The policy rate hikes to curb inflation in many G-20 emerging markets, including India, and will improve banks’ margins. However, a more rapid acceleration of inflation would necessitate higher loan-loss provisions, erasing margin gains, Moody’s Investors Service had said in a report.
The Moody’s report focuses on banks in the ten G-20 emerging markets: Argentina, Brazil, China, India, Indonesia, Mexico, Russia, Saudi Arabia, South Africa and Turkey.
“Now that most central banks have tightened monetary policy to curb inflation, we expect inflation to abate in all ten emerging markets countries in 2023, helping contain asset risks for banks,” said Eugene Tarzimanov, VP-Senior Credit Officer, Moody’s.
Eugene noted that if inflation rates spike steeply and result in sharp increases in debt-servicing costs for borrowers, banks would have to increase their loan-loss provisions outweighing margin gains, which would be credit negative.
Turkey, the worst hit
Among the ten G-20 emerging markets, Turkey has been facing the steepest inflation, which hit 73 per cent in May 2022, followed by 61 per cent for Argentina, per the report.
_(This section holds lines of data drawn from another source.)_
(* Let $D$ be an oriented graph and let $u$ be a vertex of $D$ of maximum score. Then every vertex $v \neq u$ of $D$ is weakly reachable within two steps from $u$.
   Context: An oriented graph is a digraph with no loops and no pair of symmetric arcs. For vertices $u,v$ write $u(1\text{-}0)v$ if there is an arc from $u$ to $v$, $u(0\text{-}1)v$ if there is an arc from $v$ to $u$, and $u(0\text{-}0)v$ if there is no arc between $u$ and $v$. If $D$ has $n$ vertices, the score of a vertex $v$ is $s(v) = n-1+d^+(v)-d^-(v)$, where $d^+(v), d^-(v)$ are the out- and indegree of $v$; equivalently $s(v)=2d^+(v)+d^*(v)$ where $d^*(v)$ is the number of vertices $w$ with $v(0\text{-}0)w$. A vertex $v$ is weakly reachable within two steps from $u$ if $u(1\text{-}0)v$, or $u(0\text{-}0)v$, or for some vertex $w$ one has $u(1\text{-}0)w(1\text{-}0)v$, or $u(1\text{-}0)w(0\text{-}0)v$, or $u(0\text{-}0)w(1\text{-}0)v$. *)

theory Defs
  imports Main
begin

definition oriented_graph :: "'a set \<Rightarrow> ('a \<Rightarrow> 'a \<Rightarrow> bool) \<Rightarrow> bool" where
  "oriented_graph V A \<longleftrightarrow> finite V \<and> (\<forall>u v. A u v \<longrightarrow> u \<in> V \<and> v \<in> V)
     \<and> (\<forall>u. \<not> A u u) \<and> (\<forall>u v. A u v \<longrightarrow> \<not> A v u)"

definition outdeg :: "'a set \<Rightarrow> ('a \<Rightarrow> 'a \<Rightarrow> bool) \<Rightarrow> 'a \<Rightarrow> nat" where
  "outdeg V A v = card {w \<in> V. A v w}"

definition indeg :: "'a set \<Rightarrow> ('a \<Rightarrow> 'a \<Rightarrow> bool) \<Rightarrow> 'a \<Rightarrow> nat" where
  "indeg V A v = card {w \<in> V. A w v}"

definition score :: "'a set \<Rightarrow> ('a \<Rightarrow> 'a \<Rightarrow> bool) \<Rightarrow> 'a \<Rightarrow> int" where
  "score V A v = int (card V) - 1 + int (outdeg V A v) - int (indeg V A v)"

definition nonadj :: "'a set \<Rightarrow> ('a \<Rightarrow> 'a \<Rightarrow> bool) \<Rightarrow> 'a \<Rightarrow> 'a \<Rightarrow> bool" where
  "nonadj V A u v \<longleftrightarrow> u \<in> V \<and> v \<in> V \<and> u \<noteq> v \<and> \<not> A u v \<and> \<not> A v u"

definition weakly_reachable2 :: "'a set \<Rightarrow> ('a \<Rightarrow> 'a \<Rightarrow> bool) \<Rightarrow> 'a \<Rightarrow> 'a \<Rightarrow> bool" where
  "weakly_reachable2 V A u v \<longleftrightarrow> A u v \<or> nonadj V A u v \<or>
     (\<exists>w\<in>V. (A u w \<and> A w v) \<or> (A u w \<and> nonadj V A w v) \<or> (nonadj V A u w \<and> A w v))"

end

theory Submission
  imports Defs
begin

text \<open>If v is not weakly reachable within two steps from u, then v beats u, every
  out-neighbour of u is an out-neighbour of v, and every in-neighbour of v is an
  in-neighbour of u. Since u is an out-neighbour of v but not of itself (and v an
  in-neighbour of u but not of itself), v has strictly larger outdegree and strictly
  smaller indegree than u, hence strictly larger score.\<close>

lemma outdeg_less_if_dominated:
  assumes "oriented_graph V A" and "A v u"
    and "\<And>w. A u w \<Longrightarrow> A v w"
  shows "outdeg V A u < outdeg V A v"
proof -
  have "{w \<in> V. A u w} \<subset> {w \<in> V. A v w}"
    using assms unfolding oriented_graph_def by blast
  then show ?thesis
    using assms(1) unfolding outdeg_def oriented_graph_def by (simp add: psubset_card_mono)
qed

lemma indeg_less_if_dominated:
  assumes "oriented_graph V A" and "A v u"
    and "\<And>w. A w v \<Longrightarrow> A w u"
  shows "indeg V A v < indeg V A u"
proof -
  have "{w \<in> V. A w v} \<subset> {w \<in> V. A w u}"
    using assms unfolding oriented_graph_def by blast
  then show ?thesis
    using assms(1) unfolding indeg_def oriented_graph_def by (simp add: psubset_card_mono)
qed

lemma score_less_if_dominated:
  assumes "oriented_graph V A" and "A v u"
    and "\<And>w. A u w \<Longrightarrow> A v w" and "\<And>w. A w v \<Longrightarrow> A w u"
  shows "score V A u < score V A v"
  using outdeg_less_if_dominated[OF assms(1,2,3)] indeg_less_if_dominated[OF assms(1,2,4)]
  unfolding score_def by simp

lemma dominated_if_not_weakly_reachable2:
  assumes G: "oriented_graph V A" and "u \<in> V" "v \<in> V" "u \<noteq> v"
    and not_reach: "\<not> weakly_reachable2 V A u v"
  shows "A v u" and "\<And>w. A u w \<Longrightarrow> A v w" and "\<And>w. A w v \<Longrightarrow> A w u"
proof -
  have inV: "\<And>a b. A a b \<Longrightarrow> a \<in> V \<and> b \<in> V"
    and irrefl: "\<And>a. \<not> A a a" and asym: "\<And>a b. A a b \<Longrightarrow> \<not> A b a"
    using G unfolding oriented_graph_def by blast+
  show vu: "A v u"
    using assms unfolding weakly_reachable2_def nonadj_def by blast
  show out: "A v w" if "A u w" for w
    using that not_reach inV[OF that] assms(2-4) vu irrefl asym
    unfolding weakly_reachable2_def nonadj_def by metis
  show "A w u" if "A w v" for w
    using that not_reach inV[OF that] assms(2) vu asym out
    unfolding weakly_reachable2_def nonadj_def by metis
qed

theorem theorem4:
  fixes V :: "'a set" and A :: "'a \<Rightarrow> 'a \<Rightarrow> bool" and u :: 'a
  assumes "oriented_graph V A"
    and "u \<in> V"
    and "\<forall>x\<in>V. score V A x \<le> score V A u"
  shows "\<forall>v\<in>V. v \<noteq> u \<longrightarrow> weakly_reachable2 V A u v"
proof (intro ballI impI)
  fix v assume "v \<in> V" and "v \<noteq> u"
  show "weakly_reachable2 V A u v"
  proof (rule ccontr)
    assume "\<not> weakly_reachable2 V A u v"
    then have "score V A u < score V A v"
      using dominated_if_not_weakly_reachable2[OF assms(1,2) \<open>v \<in> V\<close>] \<open>v \<noteq> u\<close>
      by (intro score_less_if_dominated[OF assms(1)]) auto
    then show False using assms(3) \<open>v \<in> V\<close> by fastforce
  qed
qed

end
Rising inflation rates are mainly because of supply constraints, increases in the prices of commodities and currency pressures.
“Orderly, gradual increases in interest rates will improve banking profits in most emerging market banking systems.
“As a result, Moody’s expects banks in India, Saudi Arabia and South Africa to post comparatively larger increases in margins in 2022-2023,” the report said.
The report assessed that banks’ credit costs also increase when inflation accelerates. An acceleration of inflation has also historically led to increases in credit costs in seven of the 10 systems.
Moody’s expects banks in Russia and Turkey to post larger increases in credit costs in 2022-2023.
In a scenario where inflation accelerates materially and leads to significant rate hikes, credit costs will also rise in Argentina, South Africa and Brazil, the agency said.
Asset risks for banks would outweigh margin benefits if inflation rises more sharply.
An acceleration in inflation beyond Moody’s expectation would lead to higher credit costs that will outweigh the benefits of gains in margins.
In this scenario, Moody’s said the profitability of Brazilian and Turkish banks will likely deteriorate more significantly than in other markets.